UniprotkbClient.search(query={"date_created": (date(2022, 7, 1), "*")})

Use with Visual Studio Code

To get VS Code to offer suggestions, press the Trigger Suggest shortcut which is usually bound to Ctrl + Space. In particular, code completion generally won't work until you open a string literal using a quotation mark.

Secondly, to get live access to the documentation, you can either use the Show Hover shortcut, which is usually bound to Ctrl + K, Ctrl + I, or you can install the docs-view extension, which lets you view the docstrings in the sidebar without interfering with your code.

Screenshots

API

`unipressed.dataset.core.DatasetClient`

The base class for all UniProt dataset clients. All methods documented here are available in any of the subclasses. This is a static class that you will never need to instantiate.

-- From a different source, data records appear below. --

(* Let $F_1$ and $F_2$ be finite fields with $|F_1|\le |F_2|$. Then there exists an $|F_1|\times|F_2|$ Latin-sum array (with $A=F_1$, $B=F_2$) over an alphabet $C$ with $$|C|=\begin{cases}4, & F_1=F_2=\mathbb{Z}_3,\\ |F_2|, & \text{otherwise}.\end{cases}$$
   Context: Let $F_1,F_2$ be finite fields with $|F_1|\le|F_2|$, and let $A\subseteq F_1$, $B\subseteq F_2$ with $|A|\le|B|$. A table $L$ of size $|A|\times|B|$ with entries from a set $C$, whose rows are indexed by the elements of $A$ and columns by the elements of $B$ (entry $L_{x,y}$ for $x\in A,y\in B$), is called a Latin-sum array over $C$ if for every two distinct pairs $(x_1,y_1),(x_2,y_2)\in A\times B$: (i) if $x_1+x_2=0$ in $F_1$ then $L_{x_1,y_1}\ne L_{x_2,y_2}$; and (ii) if $y_1+y_2=0$ in $F_2$ then $L_{x_1,y_1}\ne L_{x_2,y_2}$. *)

theory Defs
  imports Main
begin

definition latin_sum_array ::
  "'a::field set \<Rightarrow> 'b::field set \<Rightarrow> 'c set \<Rightarrow> ('a \<Rightarrow> 'b \<Rightarrow> 'c) \<Rightarrow> bool" where
  "latin_sum_array A B C L \<longleftrightarrow>
     (\<forall>x\<in>A. \<forall>y\<in>B. L x y \<in> C) \<and>
     (\<forall>x1\<in>A. \<forall>y1\<in>B. \<forall>x2\<in>A. \<forall>y2\<in>B. (x1, y1) \<noteq> (x2, y2) \<longrightarrow>
        (x1 + x2 = 0 \<longrightarrow> L x1 y1 \<noteq> L x2 y2) \<and>
        (y1 + y2 = 0 \<longrightarrow> L x1 y1 \<noteq> L x2 y2))"

end

theory Submission
  imports Defs "HOL-Library.Cardinality"
begin

(* The conditions on a Latin-sum array only involve the involutions x \<mapsto> -x of the two
   fields, so it suffices to build arrays on small integer models of these involutions and
   pull them back along injections that commute with negation.
   In characteristic 2 negation is the identity, and |F| is even because x \<mapsto> x + 1 pairs up
   the elements.  In odd characteristic 0 is the only self-inverse element, so |F| = 2t + 1 and
   F embeds into {-t..t} with negation going to negation.
   Each combination of characteristics has an explicit array with |F2| colours: a cyclic Latin
   square; rows permuting the colours by a transposition or a 3-cycle; rows i and -i taking even
   and odd colours; rows taking colours of their own sign.  The last construction needs a
   fixed-point-free shift of {1..k}, hence k \<ge> 2, which fails exactly for F1 = F2 = Z3; there a
   3 \<times> 3 array with 4 colours does the job. *)

section \<open>Latin arrays with respect to involutions\<close>

definition latin_array ::
  "('a \<Rightarrow> 'a) \<Rightarrow> ('b \<Rightarrow> 'b) \<Rightarrow> 'a set \<Rightarrow> 'b set \<Rightarrow> 'c set \<Rightarrow> ('a \<Rightarrow> 'b \<Rightarrow> 'c) \<Rightarrow> bool"
  where
  "latin_array \<sigma> \<tau> A B C L \<longleftrightarrow>
     (\<forall>x\<in>A. \<forall>y\<in>B. L x y \<in> C) \<and>
     (\<forall>x1\<in>A. \<forall>y1\<in>B. \<forall>x2\<in>A. \<forall>y2\<in>B. (x1, y1) \<noteq> (x2, y2) \<longrightarrow>
        (x2 = \<sigma> x1 \<or> y2 = \<tau> y1) \<longrightarrow> L x1 y1 \<noteq> L x2 y2)"

lemma latin_arrayI:
  assumes "\<And>x y. x \<in> A \<Longrightarrow> y \<in> B \<Longrightarrow> L x y \<in> C"
    and "\<And>x y1 y2. x \<in> A \<Longrightarrow> \<sigma> x \<in> A \<Longrightarrow> y1 \<in> B \<Longrightarrow> y2 \<in> B \<Longrightarrow>
           (x, y1) \<noteq> (\<sigma> x, y2) \<Longrightarrow> L x y1 \<noteq> L (\<sigma> x) y2"
    and "\<And>x1 x2 y. x1 \<in> A \<Longrightarrow> x2 \<in> A \<Longrightarrow> y \<in> B \<Longrightarrow> \<tau> y \<in> B \<Longrightarrow>
           (x1, y) \<noteq> (x2, \<tau> y) \<Longrightarrow> L x1 y \<noteq> L x2 (\<tau> y)"
  shows "latin_array \<sigma> \<tau> A B C L"
  using assms unfolding latin_array_def by blast

lemma latin_arrayD:
  assumes "latin_array \<sigma> \<tau> A B C L"
  shows latin_array_mem: "\<lbrakk>x \<in> A; y \<in> B\<rbrakk> \<Longrightarrow> L x y \<in> C"
    and latin_array_distinct: "\<lbrakk>x1 \<in> A; y1 \<in> B; x2 \<in> A; y2 \<in> B; (x1, y1) \<noteq> (x2, y2);
           x2 = \<sigma> x1 \<or> y2 = \<tau> y1\<rbrakk> \<Longrightarrow> L x1 y1 \<noteq> L x2 y2"
  using assms unfolding latin_array_def by blast+

lemma latin_sum_array_iff_latin_array:
  "latin_sum_array A B C L \<longleftrightarrow> latin_array uminus uminus A B C L"
  unfolding latin_sum_array_def latin_array_def by (simp add: add_eq_0_iff)

lemma latin_array_pullback:
  assumes L: "latin_array \<sigma> \<tau> A B C L"
    and \<alpha>: "inj_on \<alpha> A'" "\<alpha> ` A' \<subseteq> A" "\<And>x. x \<in> A' \<Longrightarrow> \<alpha> (\<sigma>' x) = \<sigma> (\<alpha> x)"
    and \<beta>: "inj_on \<beta> B'" "\<beta> ` B' \<subseteq> B" "\<And>y. y \<in> B' \<Longrightarrow> \<beta> (\<tau>' y) = \<tau> (\<beta> y)"
  shows "latin_array \<sigma>' \<tau>' A' B' C (\<lambda>x y. L (\<alpha> x) (\<beta> y))"
  unfolding latin_array_def
proof (intro conjI ballI impI)
  fix x y assume "x \<in> A'" "y \<in> B'"
  then show "L (\<alpha> x) (\<beta> y) \<in> C" using \<alpha>(2) \<beta>(2) by (intro latin_array_mem[OF L]) auto
next
  fix x1 y1 x2 y2
  assume in_dom: "x1 \<in> A'" "y1 \<in> B'" "x2 \<in> A'" "y2 \<in> B'"
    and ne: "(x1, y1) \<noteq> (x2, y2)" and linked: "x2 = \<sigma>' x1 \<or> y2 = \<tau>' y1"
  have "(\<alpha> x1, \<beta> y1) \<noteq> (\<alpha> x2, \<beta> y2)"
    using ne in_dom by (simp add: inj_on_eq_iff[OF \<alpha>(1)] inj_on_eq_iff[OF \<beta>(1)])
  moreover have "\<alpha> x2 = \<sigma> (\<alpha> x1) \<or> \<beta> y2 = \<tau> (\<beta> y1)"
    using linked in_dom \<alpha>(3) \<beta>(3) by blast
  ultimately show "L (\<alpha> x1) (\<beta> y1) \<noteq> L (\<alpha> x2) (\<beta> y2)"
    using in_dom \<alpha>(2) \<beta>(2) by (intro latin_array_distinct[OF L]) auto
qed

lemma latin_array_recolour:
  assumes L: "latin_array \<sigma> \<tau> A B C L" and f: "inj_on f C"
  shows "latin_array \<sigma> \<tau> A B (f ` C) (\<lambda>x y. f (L x y))"
proof (rule latin_arrayI)
  fix x y assume "x \<in> A" "y \<in> B"
  then show "f (L x y) \<in> f ` C" by (simp add: latin_array_mem[OF L])
next
  fix x y1 y2 assume "x \<in> A" "\<sigma> x \<in> A" "y1 \<in> B" "y2 \<in> B" "(x, y1) \<noteq> (\<sigma> x, y2)"
  then show "f (L x y1) \<noteq> f (L (\<sigma> x) y2)"
    by (simp add: inj_on_eq_iff[OF f] latin_array_mem[OF L] latin_array_distinct[OF L])
next
  fix x1 x2 y assume "x1 \<in> A" "x2 \<in> A" "y \<in> B" "\<tau> y \<in> B" "(x1, y) \<noteq> (x2, \<tau> y)"
  then show "f (L x1 y) \<noteq> f (L x2 (\<tau> y))"
    by (simp add: inj_on_eq_iff[OF f] latin_array_mem[OF L] latin_array_distinct[OF L])
qed

definition latin_sum_colourable :: "'a::field set \<Rightarrow> 'b::field set \<Rightarrow> nat \<Rightarrow> bool" where
  "latin_sum_colourable A B c \<longleftrightarrow>
     (\<exists>(C::nat set) L. finite C \<and> card C = c \<and> latin_sum_array A B C L)"

lemma latin_sum_colourable_via_embeddings:
  fixes \<alpha> :: "'a::field \<Rightarrow> 'i" and \<beta> :: "'b::field \<Rightarrow> 'j"
  assumes L: "latin_array \<sigma> \<tau> I J C L" "finite C" "card C = c"
    and \<alpha>: "inj \<alpha>" "range \<alpha> \<subseteq> I" "\<And>x. \<alpha> (- x) = \<sigma> (\<alpha> x)"
    and \<beta>: "inj \<beta>" "range \<beta> \<subseteq> J" "\<And>y. \<beta> (- y) = \<tau> (\<beta> y)"
  shows "latin_sum_colourable (UNIV::'a set) (UNIV::'b set) c"
proof -
  obtain f where f: "bij_betw f C {0..<card C}"
    using ex_bij_betw_finite_nat[OF L(2)] by blast
  have "latin_array uminus uminus UNIV UNIV C (\<lambda>x y. L (\<alpha> x) (\<beta> y))"
    by (rule latin_array_pullback[OF L(1) \<alpha>(1,2) _ \<beta>(1,2)]) (simp_all add: \<alpha>(3) \<beta>(3))
  then have "latin_array uminus uminus UNIV UNIV (f ` C) (\<lambda>x y. f (L (\<alpha> x) (\<beta> y)))"
    using bij_betw_imp_inj_on[OF f] by (rule latin_array_recolour)
  moreover have "f ` C = {0..<card C}" using f by (simp add: bij_betw_def)
  ultimately show ?thesis
    unfolding latin_sum_colourable_def latin_sum_array_iff_latin_array
    by (intro exI[of _ "{0..<card C}"]) (auto simp: L(3))
qed

section \<open>Negation in finite fields\<close>

lemma card_involution:
  fixes \<sigma> :: "'a::finite \<Rightarrow> 'a"
  assumes involution: "\<And>x. \<sigma> (\<sigma> x) = x"
  obtains P where "\<And>x. x \<in> P \<Longrightarrow> \<sigma> x \<notin> P" "\<And>x. \<sigma> x \<noteq> x \<Longrightarrow> x \<in> P \<or> \<sigma> x \<in> P"
    "CARD('a) = card {x. \<sigma> x = x} + 2 * card P"
proof -
  obtain h :: "'a \<Rightarrow> nat" where h: "inj h"
    using finite_imp_inj_to_nat_seg[of "UNIV::'a set"] by auto
  define P where "P = {x. h x < h (\<sigma> x)}"
  have P_disj: "\<sigma> x \<notin> P" if "x \<in> P" for x
    using that involution unfolding P_def by auto
  have P_cover: "x \<in> P \<or> \<sigma> x \<in> P" if "\<sigma> x \<noteq> x" for x
  proof -
    have "h x \<noteq> h (\<sigma> x)" using that injD[OF h] by metis
    then show ?thesis using involution unfolding P_def by auto
  qed
  define F where "F = {x. \<sigma> x = x}"
  have UNIV_split: "UNIV = F \<union> (P \<union> \<sigma> ` P)"
  proof (intro equalityI subsetI)
    fix x
    show "x \<in> F \<union> (P \<union> \<sigma> ` P)"
    proof (cases "\<sigma> x = x")
      case False
      then have "x \<in> P \<or> \<sigma> x \<in> P" by (rule P_cover)
      then show ?thesis using involution by (metis UnI2 Un_iff image_eqI)
    qed (simp add: F_def)
  qed simp
  have disj: "F \<inter> (P \<union> \<sigma> ` P) = {}" "P \<inter> \<sigma> ` P = {}"
    using P_disj involution unfolding F_def by force+
  have "inj_on \<sigma> P" by (metis involution inj_onI)
  have "CARD('a) = card F + (card P + card (\<sigma> ` P))"
    using disj by (subst UNIV_split) (simp add: card_Un_disjoint)
  also have "card (\<sigma> ` P) = card P" by (rule card_image) fact
  finally have "CARD('a) = card F + 2 * card P" by simp
  then show thesis using that P_disj P_cover unfolding F_def by blast
qed

lemma two_le_card_UNIV: "2 \<le> CARD('a::{finite,zero_neq_one})"
proof -
  have "card {0::'a, 1} \<le> CARD('a)" by (rule card_mono) auto
  then show ?thesis by simp
qed

lemma uminus_eq_self_if_two_eq_zero:
  fixes x :: "'a::ring_1"
  assumes "(2::'a) = 0"
  shows "- x = x"
proof -
  have "x + x = 0" using assms by (metis mult_2 mult_zero_left)
  then show ?thesis by (metis add_eq_0_iff)
qed

lemma even_card_if_two_eq_zero:
  assumes "(2::'a::{finite,ring_1}) = 0"
  shows "even (CARD('a))"
proof -
  have shift_twice: "x + 1 + 1 = x" for x :: 'a
    using assms by (simp add: add.assoc)
  obtain P :: "'a set" where "CARD('a) = card {x::'a. x + 1 = x} + 2 * card P"
    by (rule card_involution[of "\<lambda>x. x + 1", OF shift_twice]) (rule that)
  then show ?thesis by simp
qed

lemma self_inverse_eq_zero:
  fixes x :: "'a::idom"
  assumes "(2::'a) \<noteq> 0" "- x = x"
  shows "x = 0"
proof -
  have "2 * x = 0" using assms(2) by (metis add_eq_0_iff mult_2)
  then show ?thesis using assms(1) by simp
qed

`fetch_one(id: str, format: str = 'json', parse: bool = True) -> JsonResultType | IOBase` `classmethod`

Fetches a single record from this dataset using its ID.

Parameters:

id –

The ID of the record to fetch. The format of this will depend on the dataset.
format –

The format of the result. The available options will depend on the subclass you are using, but the type checker/autocomplete will enforce available options.
parse –

If true, parse the result into a JSON dictionary. Defaults to True.

Returns:

JsonResultType | IOBase –

If parse is True, a dictionary. Otherwise, a file object containing the results in the specified format.

`search(query: QueryType, format: FormatType | Literal['json'] = 'json', fields: Iterable[FieldsType] | None = None, size: int = 500, include_isoform: bool = True) -> Search[QueryType, JsonResultType, FieldsType, FormatType]` `classmethod`

Creates an object that can be used to perform a search query over this dataset. Refer to the unipressed.dataset.search.Search reference for more information on how to use it.

`unipressed.dataset.core.FetchManyClient`

Bases: DatasetClient[QueryType, JsonResultType, FieldsType, FormatType]

Dataset subclass for datasets that can be queried by multiple IDs. Not all datasets support this.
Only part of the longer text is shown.